Posted 7 years ago
"Chapter Houses are not therefore simply spaces to be in, they are spaces to process to, to be seen proceeding to, and no less significantly perhaps, spaces to be kept waiting outside."
The entrance to the Chapter House seen from the vestibule outside.
One gets to this point by proceeding off the north transept past the imposing Five Sisters along a low passage then turn right and there are these 13th century wooden doors separated by a 'trumeau' with an image of the standing Virgin and Child.
(That figure of Virgin and Child is actually quite special!)
The effect is quite theatrical.
It is meant to be!
It is a carefully controlled physical movement though time, space and symbology.
There is a surprise beyond this point.
"Analysis of masons marks within the Minster at York suggests that the construction of the Chapter House and Vestibule should be located between the completion of the transepts c1255 and commencement of the reconstruction of the nave in c1291. By 1286, it was feasible for Archbishop John le Romeyn to contemplate holding a visitation in the Chapter House, and in 1296 it was used as a venue for a meeting of the parliament."

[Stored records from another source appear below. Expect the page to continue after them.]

definition round_up_to_grid :: "real \<Rightarrow> real \<Rightarrow> real" where
  "round_up_to_grid h t = real (nat \<lceil>t / h\<rceil>) * h"

lemma round_up_to_grid_bounds:
  fixes t h :: real
  assumes t: "0 \<le> t" and h: "0 < h"
  shows "t \<le> round_up_to_grid h t" "round_up_to_grid h t \<le> t + h"
proof -
  have nat_ceiling: "real (nat \<lceil>t / h\<rceil>) = real_of_int \<lceil>t / h\<rceil>"
    using t h by simp
  have "t = t / h * h"
    using h by simp
  also have "\<dots> \<le> real_of_int \<lceil>t / h\<rceil> * h"
    using h by (intro mult_right_mono) auto
  finally show "t \<le> round_up_to_grid h t"
    unfolding round_up_to_grid_def nat_ceiling .
  have "real_of_int \<lceil>t / h\<rceil> * h \<le> (t / h + 1) * h"
    using h by (intro mult_right_mono) linarith+
  also have "\<dots> = t + h"
    using h by (simp add: field_simps)
  finally show "round_up_to_grid h t \<le> t + h"
    unfolding round_up_to_grid_def nat_ceiling .
qed

lemma round_up_to_grid_tendsto:
  fixes t :: real
  assumes t: "0 \<le> t" and h: "\<And>n. 0 < h n" "h \<longlonglongrightarrow> 0"
  shows "(\<lambda>n. round_up_to_grid (h n) t) \<longlonglongrightarrow> t"
proof (rule tendsto_sandwich[where f = "\<lambda>n. t" and h = "\<lambda>n. t + h n"])
  show "\<forall>\<^sub>F n in sequentially. t \<le> round_up_to_grid (h n) t"
    "\<forall>\<^sub>F n in sequentially. round_up_to_grid (h n) t \<le> t + h n"
    using round_up_to_grid_bounds[OF t h(1)] by simp_all
  show "(\<lambda>n. t + h n) \<longlonglongrightarrow> t"
    using tendsto_add[OF tendsto_const h(2), of t] by simp
qed simp

lemma continuous_process_measurable:
  fixes X :: "real \<Rightarrow> 'a \<Rightarrow> real"
  assumes X: "\<And>t. X t \<in> borel_measurable N"
    and cont: "\<And>\<omega>. \<omega> \<in> space N \<Longrightarrow> continuous_on {0..} (\<lambda>t. X t \<omega>)"
  shows "(\<lambda>x. X (max 0 (snd x)) (fst x)) \<in> borel_measurable (N \<Otimes>\<^sub>M lborel)"
proof (rule borel_measurable_LIMSEQ_real)
  define grid where "grid n t = max 0 (real_of_int \<lfloor>real (Suc n) * t\<rfloor> / real (Suc n))"
    for n :: nat and t :: real
  show "(\<lambda>x::'a \<times> real. X (grid n (snd x)) (fst x)) \<in> borel_measurable (N \<Otimes>\<^sub>M lborel)" for n
  proof -
    have "(\<lambda>x. X (max 0 (real_of_int k / real (Suc n))) (fst x)) \<in> borel_measurable (N \<Otimes>\<^sub>M lborel)"
      for k :: int
      using X by measurable
    moreover have "(\<lambda>x. \<lfloor>real (Suc n) * snd x\<rfloor>) \<in> measurable (N \<Otimes>\<^sub>M lborel) (count_space UNIV)"
      by measurable
    ultimately show ?thesis
      unfolding grid_def by (rule measurable_compose_countable)
  qed
  fix x :: "'a \<times> real" assume "x \<in> space (N \<Otimes>\<^sub>M lborel)"
  then have \<omega>: "fst x \<in> space N"
    by (auto simp: space_pair_measure)
  have "(\<lambda>n. grid n (snd x)) \<longlonglongrightarrow> max 0 (snd x)"
    unfolding grid_def by (intro tendsto_max tendsto_const floor_grid_tendsto)
  then show "(\<lambda>n. X (grid n (snd x)) (fst x)) \<longlonglongrightarrow> X (max 0 (snd x)) (fst x)"
    by (rule continuous_on_tendsto_compose[OF cont[OF \<omega>]]) (auto simp: grid_def)
qed

lemma continuous_process_indicator_measurable:
  fixes X :: "real \<Rightarrow> 'a \<Rightarrow> real"
  assumes X: "\<And>t. X t \<in> borel_measurable N"
    and cont: "\<And>\<omega>. \<omega> \<in> space N \<Longrightarrow> continuous_on {0..} (\<lambda>t. X t \<omega>)"
    and S: "S \<in> sets borel" "S \<subseteq> {0..}"
  shows "(\<lambda>x. indicator S (snd x) * ennreal (X (snd x) (fst x))) \<in> borel_measurable (N \<Otimes>\<^sub>M lborel)"
proof -
  have "(\<lambda>x. indicator S (snd x) * ennreal (X (max 0 (snd x)) (fst x)))
      \<in> borel_measurable (N \<Otimes>\<^sub>M lborel)"
    using continuous_process_measurable[OF X cont] S(1) by measurable
  also have "(\<lambda>x. indicator S (snd x) * ennreal (X (max 0 (snd x)) (fst x)))
      = (\<lambda>x. indicator S (snd x) * ennreal (X (snd x) (fst x)))"
    using S(2) by (auto simp: indicator_def max_def fun_eq_iff)
  finally show ?thesis .
qed

locale brownian_motion_space =
  fixes M :: "'a measure" and B :: "real \<Rightarrow> 'a \<Rightarrow> real"
  assumes std_brownian_motion: "std_brownian_motion M B"
begin

sublocale prob_space M
  using std_brownian_motion by (simp add: std_brownian_motion_def)

lemma B_measurable[measurable]: "B t \<in> borel_measurable M"
  using std_brownian_motion by (simp add: std_brownian_motion_def)

lemma B_zero: "\<omega> \<in> space M \<Longrightarrow> B 0 \<omega> = 0"
  using std_brownian_motion by (simp add: std_brownian_motion_def)

lemma B_continuous: "\<omega> \<in> space M \<Longrightarrow> continuous_on {0..} (\<lambda>t. B t \<omega>)"
  using std_brownian_motion by (simp add: std_brownian_motion_def)

lemma B_increment_normal:
  "0 \<le> s \<Longrightarrow> s < t \<Longrightarrow>
    distributed M lborel (\<lambda>\<omega>. B t \<omega> - B s \<omega>) (normal_density 0 (sqrt (t - s)))"
  using std_brownian_motion by (simp add: std_brownian_motion_def)

lemma B_increment_indep:
  "0 \<le> s \<Longrightarrow> s < t \<Longrightarrow>
    indep_sets (\<lambda>i::bool. if i then natural_filtration M B s
      else {(\<lambda>\<omega>. B t \<omega> - B s \<omega>) -` A \<inter> space M | A. A \<in> sets borel}) UNIV"
  using std_brownian_motion by (simp add: std_brownian_motion_def)

definition past :: "real \<Rightarrow> 'a measure" where
  "past s = sigma (space M) {B r -` A \<inter> space M | r A. 0 \<le> r \<and> r \<le> s \<and> A \<in> sets borel}"

lemma space_past[simp]: "space (past s) = space M"
  by (simp add: past_def space_measure_of_conv)

lemma sets_past: "sets (past s) = natural_filtration M B s"
  unfolding past_def natural_filtration_def by (rule sets_measure_of) auto

lemma B_past_measurable: "0 \<le> r \<Longrightarrow> r \<le> s \<Longrightarrow> B r \<in> borel_measurable (past s)"
  by (rule measurableI) (auto simp: sets_past natural_filtration_def)

lemma natural_filtration_subset_events: "natural_filtration M B s \<subseteq> events"
  unfolding natural_filtration_def by (rule sets.sigma_sets_subset) auto

lemma past_measurable_imp_measurable: "f \<in> borel_measurable (past s) \<Longrightarrow> f \<in> borel_measurable M"
  using measurable_mono[of borel borel "past s" M] natural_filtration_subset_events
  by (auto simp: sets_past)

This fixes a date for the Chapter House.
It also defines its function.
This was a bit of a mystery PC. I had no idea of the publisher. Below the title of the card are some identifying numbers: 6541 (or is it G541?) in white. I later found reference to the sale of an original albumen print of the doorway also numbered ..... 6541. It was a photo taken by James Valentine in 1885. One of the Valentine's Series then?